Comment savoir si je suis au bon niveau ? Si vous comprenez 85 à 95 % de votre matériel de lecture/écoute et rencontrez 5 à 15 mots inconnus pour 1 000 mots, vous êtes dans la bonne zone. Le matériel doit vous défier sans vous frustrer.
Qu’en est-il de la prononciation — puis-je l’améliorer sans professeur ? Oui, mais cela demande une attention active. Le shadowing (imiter l’audio d’un locuteur natif) est très efficace. Vous enregistrer et comparer avec des locuteurs natifs aide. Un professeur offre un feedback plus rapide sur des schémas spécifiques, mais le travail de prononciation autodirigé produit de réels résultats.
J’oublie constamment le vocabulaire après quelques jours. Que fais-je de mal ? Les mots rencontrés une seule fois en lecture ne sont souvent pas retenus. Les mots ont besoin de 7 à 12 rencontres dans différents contextes pour se consolider dans la mémoire à long terme. La répétition espacée raccourcit le délai, mais vous avez toujours besoin de plusieurs expositions. Ne vous attendez pas à ce que des rencontres uniques restent.
Puis-je apprendre l’anglais en autodidacte tout en travaillant à temps plein ? Absolument — 30 à 45 minutes par jour suffisent pour des progrès constants.

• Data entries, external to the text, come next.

(* Every $W_1$-module in category $\mathcal{J}_1$ is a polynomial module.
   Context: Take $n=1$. Let $\mathcal{F}(\mathbb{T}^1)$ be the commutative algebra with $\mathbb{C}$-basis $e_m=e^{2\pi i m x}$, $m\in\mathbb{Z}$, and $e_me_k=e_{m+k}$. Let $W_1$ be the Lie algebra with $\mathbb{C}$-basis $d(s)=\frac{1}{2\pi i}e^{2\pi i s x}\frac{d}{dx}$, $s\in\mathbb{Z}$, and bracket $[d(s),d(m)]=(m-s)\,d(s+m)$. $W_1$ acts on $\mathcal{F}(\mathbb{T}^1)$ by derivations via $d(s)e_m=m\,e_{m+s}$. Category $\mathcal{J}_1$ consists of $W_1$-modules $J$ that are also $\mathcal{F}(\mathbb{T}^1)$-modules and satisfy: (J1) $d(0)$ acts diagonalizably on $J$; (J2) $J$ is a free $\mathcal{F}(\mathbb{T}^1)$-module of finite rank; (J3) $u(fw)=(uf)w+f(uw)$ for all $u\in W_1$, $f\in\mathcal{F}(\mathbb{T}^1)$, $w\in J$. A module $J$ in $\mathcal{J}_1$ is a polynomial module if there is a basis $v_1,\dots,v_k$ of $J$ over $\mathcal{F}(\mathbb{T}^1)$ such that $d(s)(e_m v_r)=\sum_{\ell=1}^k f_{r\ell}(s,m)\,e_{m+s}v_\ell$ for all $s,m\in\mathbb{Z}$, where each $f_{r\ell}(s,m)$ is a polynomial in $s$ and $m$. *)

theory Defs
  imports Complex_Main
begin

text \<open>The F(T^1)-module structure is given by the (linear) action
E m of the basis element e_m; the W_1-module structure by the (linear) action
D s of the basis element d(s).\<close>

definition F_module :: "(complex \<Rightarrow> 'v::ab_group_add \<Rightarrow> 'v) \<Rightarrow> (int \<Rightarrow> 'v \<Rightarrow> 'v) \<Rightarrow> bool" where
  "F_module sc E \<longleftrightarrow> (\<forall>m. Vector_Spaces.linear sc sc (E m)) \<and> (\<forall>w. E 0 w = w)
      \<and> (\<forall>m k w. E m (E k w) = E (m + k) w)"

definition W1_module :: "(complex \<Rightarrow> 'v::ab_group_add \<Rightarrow> 'v) \<Rightarrow> (int \<Rightarrow> 'v \<Rightarrow> 'v) \<Rightarrow> bool" where
  "W1_module sc D \<longleftrightarrow> (\<forall>s. Vector_Spaces.linear sc sc (D s))
      \<and> (\<forall>s m w. D s (D m w) - D m (D s w) = sc (of_int (m - s)) (D (s + m) w))"

definition d0_diagonalizable :: "(complex \<Rightarrow> 'v::ab_group_add \<Rightarrow> 'v) \<Rightarrow> (int \<Rightarrow> 'v \<Rightarrow> 'v) \<Rightarrow> bool" where
  "d0_diagonalizable sc D \<longleftrightarrow>
     (\<forall>w. w \<in> module.span sc {v. \<exists>a. D 0 v = sc a v})"

text \<open>v_0,...,v_{k-1} is a basis of J as an F(T^1)-module: every element is
uniquely of the form sum_r f_r v_r with f_r in F(T^1), i.e. a finite linear
combination of the e_m.\<close>
definition F_basis :: "(complex \<Rightarrow> 'v::ab_group_add \<Rightarrow> 'v) \<Rightarrow> (int \<Rightarrow> 'v \<Rightarrow> 'v) \<Rightarrow> nat \<Rightarrow> (nat \<Rightarrow> 'v) \<Rightarrow> bool" where
  "F_basis sc E k v \<longleftrightarrow>
     (\<forall>w. \<exists>c S. finite S \<and> w = (\<Sum>r<k. \<Sum>m\<in>S. sc (c r m) (E m (v r))))
   \<and> (\<forall>c S. finite S \<longrightarrow> (\<Sum>r<k. \<Sum>m\<in>S. sc (c r m) (E m (v r))) = 0
          \<longrightarrow> (\<forall>r<k. \<forall>m\<in>S. c r m = 0))"

definition free_finite_rank :: "(complex \<Rightarrow> 'v::ab_group_add \<Rightarrow> 'v) \<Rightarrow> (int \<Rightarrow> 'v \<Rightarrow> 'v) \<Rightarrow> bool" where
  "free_finite_rank sc E \<longleftrightarrow> (\<exists>k v. F_basis sc E k v)"

text \<open>(J3) on basis elements: d(s)(e_m w) = (d(s) e_m) w + e_m (d(s) w), with d(s) e_m = m e_{m+s}.\<close>
definition compatible :: "(complex \<Rightarrow> 'v::ab_group_add \<Rightarrow> 'v) \<Rightarrow> (int \<Rightarrow> 'v \<Rightarrow> 'v) \<Rightarrow> (int \<Rightarrow> 'v \<Rightarrow> 'v) \<Rightarrow> bool" where
  "compatible sc E D \<longleftrightarrow>
     (\<forall>s m w. D s (E m w) = sc (of_int m) (E (m + s) w) + E m (D s w))"

definition in_J1 :: "(complex \<Rightarrow> 'v::ab_group_add \<Rightarrow> 'v) \<Rightarrow> (int \<Rightarrow> 'v \<Rightarrow> 'v) \<Rightarrow> (int \<Rightarrow> 'v \<Rightarrow> 'v) \<Rightarrow> bool" where
  "in_J1 sc E D \<longleftrightarrow> vector_space sc \<and> F_module sc E \<and> W1_module sc D
     \<and> d0_diagonalizable sc D \<and> free_finite_rank sc E \<and> compatible sc E D"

Le temps de trajet, les pauses déjeuner et les moments de détente en soirée sont tous des créneaux de session viables.
Vous avez tout ce dont vous avez besoin
Internet contient plus de contenu anglais gratuit que n’importe quel apprenant ne pourrait en consommer en une vie. Des outils gratuits gèrent la gestion du vocabulaire et la révision espacée. Des communautés gratuites offrent des pratiques d’écriture et d’expression orale. La seule chose qu’un cours fournit et que l’autodidaxie ne fournit pas est une structure externe — et c’est quelque chose que vous pouvez construire vous-même en un après-midi.
Concevez votre système, commencez avec du contenu que vous appréciez, et révisez ce que vous apprenez. Puis présentez-vous demain et refaites-le. C’est le guide complet.